At first blush, it sounds nauseatingly off-putting. Another prescriptive injunction delivered in a tweetable sound-bite by a government minister! Actually, as you read on, you find that Harry Potter is only one among many suggested, worthy contenders for the literary attentions of children, Roald Dahl, Michael Morpurgo, Jacqueline Wilson being among the others mentioned.
According to Nick Gibb, as many as a half of teenagers are not reading such books because they haven’t learnt to read properly. He cites evidence from a study done by the OECD, which shows England as dropping from seventh to fifteenth position in an international league table. How helpful the comparison with other countries is has been challenged because the variables are so numerous. One immediately obvious variable would be the fact that the English writing system is considerably less transparent than, say, the Finnish or the Spanish or Italian writing systems, making English harder to master.
More worryingly, the study reports that almost forty percent of people in their teens do not read for pleasure. In the past, many reasons for this have been put forward, but the most plausible for me has always been that if a child finds reading difficult, it’s unlikely that they will spend their leisure time doing it. Studies in the United States have suggested that unless a child’s reading age is two years above their chronological age, they won’t read for pleasure. If you think about it, it makes sense. Does a child that isn’t good at sport throw themselves into opportunities to take part in sporting activities? Unlikely!

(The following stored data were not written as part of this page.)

lemma degree_qsp_layer_le:
  assumes "qsp_layer t p (P, Q) = (P', Q')" "degree P \<le> k" "degree Q \<le> k"
  shows "degree P' \<le> Suc k" "degree Q' \<le> Suc k"
proof -
  have "degree (pCons 0 P) \<le> Suc k" "degree Q \<le> Suc k"
    using assms(2,3) degree_pCons_le[of 0 P] by linarith+
  then have "degree (smult a (pCons 0 P) + smult b Q) \<le> Suc k"
    and "degree (smult a (pCons 0 P) - smult b Q) \<le> Suc k" for a b
    by (auto intro!: degree_add_le degree_diff_le order.trans[OF degree_smult_le])
  then show "degree P' \<le> Suc k" "degree Q' \<le> Suc k" using assms(1) by auto
qed

lemma cmod_rotation_sum_squares:
  fixes c s :: real and u v :: complex
  assumes "c\<^sup>2 + s\<^sup>2 = 1"
  shows "(cmod (of_real c * u + of_real s * v))\<^sup>2 + (cmod (of_real s * u - of_real c * v))\<^sup>2
           = (cmod u)\<^sup>2 + (cmod v)\<^sup>2"
proof -
  have "(c * Re u + s * Re v)\<^sup>2 + (c * Im u + s * Im v)\<^sup>2 + ((s * Re u - c * Re v)\<^sup>2 + (s * Im u - c * Im v)\<^sup>2)
     = (c\<^sup>2 + s\<^sup>2) * ((Re u)\<^sup>2 + (Im u)\<^sup>2 + (Re v)\<^sup>2 + (Im v)\<^sup>2)"
    by (simp add: power2_eq_square algebra_simps)
  then show ?thesis using assms by (simp add: cmod_power2)
qed

lemma qsp_layer_sum_squares:
  assumes "qsp_layer t p (P, Q) = (P', Q')" "cmod x = 1"
  shows "(cmod (poly P' x))\<^sup>2 + (cmod (poly Q' x))\<^sup>2 = (cmod (poly P x))\<^sup>2 + (cmod (poly Q x))\<^sup>2"
proof -
  let ?u = "x * poly P x" and ?v = "poly Q x"
  have "poly P' x = cis p * (of_real (cos t) * ?u + of_real (sin t) * ?v)"
    "poly Q' x = of_real (sin t) * ?u - of_real (cos t) * ?v"
    using assms(1)[symmetric] by (simp_all, simp_all add: algebra_simps)
  moreover have "(cmod (of_real (cos t) * ?u + of_real (sin t) * ?v))\<^sup>2
      + (cmod (of_real (sin t) * ?u - of_real (cos t) * ?v))\<^sup>2 = (cmod ?u)\<^sup>2 + (cmod ?v)\<^sup>2"
    by (rule cmod_rotation_sum_squares) simp
  ultimately show ?thesis using assms(2) by (simp add: norm_mult)
qed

If we want children to read and read widely, we need to make sure they can decode by the end of Key Stage 1. The fact that the writing system is more difficult to learn than many others doesn’t mean it can’t be taught. It simply takes longer and it requires that teachers are properly trained to teach it.
Where Nick Gibb hits the mark is in his insistence that all primary schools teach children how to read (and spell, I would argue) through the medium of phonics. He is also right to say that once children can read they need to be practising all the time on the books already commended.

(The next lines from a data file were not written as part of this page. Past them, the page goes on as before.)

text \<open>The super-exponential decay of \<open>W\<close> beats the growth of \<open>e\<^sup>2\<^sup>a\<^sup>x\<close>; near the origin \<open>W\<close> itself dominates.\<close>
lemma vhat_in_L2:
  assumes W_nonneg: "\<forall>x. W x \<ge> 0" and W_int: "integrable lebesgue W"
    and W_decay: "\<forall>M::real. \<forall>\<^sub>F x in at_infinity. W x \<le> exp (- M * \<bar>x\<bar>)"
  shows "vhat W a \<in> L2"
proof -
  have "W \<in> borel_measurable lebesgue" using W_int by (rule borel_measurable_integrable)
  moreover have "(\<lambda>x::real. x) \<in> borel_measurable lebesgue"
    by (intro measurable_completion) simp
  ultimately have m: "vhat W a \<in> borel_measurable lebesgue"
    unfolding vhat_def by measurable
  obtain R where R: "\<And>x. R \<le> norm x \<Longrightarrow> W x \<le> exp (- (2 * \<bar>a\<bar> + 1) * \<bar>x\<bar>)"
    using W_decay[rule_format, of "2 * \<bar>a\<bar> + 1"] unfolding eventually_at_infinity by blast
  have sq: "(cmod (vhat W a x))^2 = exp (2 * a * x) * W x" for x
    unfolding vhat_def norm_of_real power2_abs using W_nonneg
    by (simp add: power_mult_distrib exp_double[symmetric] mult.assoc)
  have bound: "exp (2 * a * x) * W x \<le> exp (2 * \<bar>a\<bar> * \<bar>R\<bar>) * W x + exp (- \<bar>x\<bar>)" for x
  proof (cases "R \<le> \<bar>x\<bar>")
    case True
    have "exp (2 * a * x) * W x \<le> exp (2 * a * x) * exp (- (2 * \<bar>a\<bar> + 1) * \<bar>x\<bar>)"
      using R[of x] True by (intro mult_left_mono) auto
    also have "\<dots> = exp (2 * (a * x - \<bar>a\<bar> * \<bar>x\<bar>) - \<bar>x\<bar>)"
      by (simp add: exp_add[symmetric] algebra_simps)
    also have "\<dots> \<le> exp (- \<bar>x\<bar>)"
      using abs_ge_self[of "a * x"] by (simp add: abs_mult)
    finally show ?thesis using W_nonneg by (smt (verit) exp_ge_zero mult_nonneg_nonneg)
  next
    case False
    have "a * x \<le> \<bar>a\<bar> * \<bar>R\<bar>"
      using False abs_ge_self[of "a * x"] mult_left_mono[of "\<bar>x\<bar>" "\<bar>R\<bar>" "\<bar>a\<bar>"]
      by (simp add: abs_mult)
    hence "exp (2 * a * x) * W x \<le> exp (2 * \<bar>a\<bar> * \<bar>R\<bar>) * W x"
      using W_nonneg by (intro mult_right_mono) auto
    then show ?thesis by (smt (verit) exp_ge_zero)
  qed
  have "integrable lebesgue (\<lambda>x. exp (2 * \<bar>a\<bar> * \<bar>R\<bar>) * W x + exp (- \<bar>x\<bar>))"
    using W_int integrable_exp_minus_abs by auto
  then have "integrable lebesgue (\<lambda>x. (cmod (vhat W a x))^2)"
    by (rule Bochner_Integration.integrable_bound)
       (use m in measurable, use bound W_nonneg in \<open>auto simp: sq\<close>)
  then show ?thesis using m by (simp add: L2_def)
qed

theorem lemma8p3:
  fixes W :: "real \<Rightarrow> real" and p :: "nat \<Rightarrow> real poly"
    and d m :: nat and a :: "nat \<Rightarrow> real" and E :: "real set" and s :: complex
  assumes W_nonneg: "\<forall>x. W x \<ge> 0"
    and W_decay: "\<forall>M::real. \<forall>\<^sub>F x in at_infinity. W x \<le> exp (- M * \<bar>x\<bar>)"
    and p_deg: "\<forall>i. degree (p i) = i \<and> lead_coeff (p i) > 0"
    and p_orth: "\<forall>i j. integrable lebesgue (\<lambda>x. poly (p i) x * poly (p j) x * W x) \<and>
                   (LINT x|lebesgue. poly (p i) x * poly (p j) x * W x) = (if i = j then 1 else 0)"
    and dm: "d \<ge> m" "m \<ge> 1"
    and E_meas: "E \<in> sets lebesgue"
    and inv: "\<forall>k\<in>{d - m + 1..d}. L2_invertible (Top p W E s k)"
  shows "det (mat m m (\<lambda>(j, k). ip (psi p W (d - (j + 1)))
                               (Aop p W E s d (vhat W (a (k + 1))))))
       = det (mat m m (\<lambda>(j, k). ip (psi p W (d - (j + 1)))
                               (Aop p W E s (d - (j + 1) + 1) (vhat W (a (k + 1))))))"
proof -
  have "p 0 \<noteq> 0"
    using p_deg[rule_format, of 0] by auto
  then have W_int: "integrable lebesgue W"
    by (rule integrable_weight_const_poly[OF conjunct1[OF p_deg[rule_format, of 0]] _
          conjunct1[OF p_orth[rule_format, of 0 0]]])
  have "psi p W i \<in> L2" for i
    using conjunct1[OF p_orth[rule_format, of i i]]
    by (rule psi_in_L2[OF W_nonneg borel_measurable_integrable[OF W_int]])
  then interpret L2_kernel p W E s
    using E_meas by unfold_locales
  show ?thesis
    by (rule det_ip_Aop_eq[OF dm(1)]) (use inv in blast, rule vhat_in_L2[OF W_nonneg W_int W_decay])
qed

end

This is why he is introducing the new phonics reading check – to pinpoint children who, by the end of Y1, are already falling behind. With only a third of children passing the pilot test last summer, it isn’t so much a question of children falling behind as a question of the professional expertise of the teachers teaching them. This isn’t a diatribe against teachers but it is a warning to Nick Gibb. It isn’t enough to exhort teachers and parents to encourage children to become voracious readers. You need first to ensure that they are taught to read – which is why the match funding being offered by government should have been earmarked exclusively for the training of teachers.
In education it is very hard indeed to decide what the priorities are and to remain single minded in one’s pursuit of them.
Apart from the match-funding issue, Nick Gibb has made a good start. He mustn’t lose sight of the fact that the priority lies in the training of the teachers!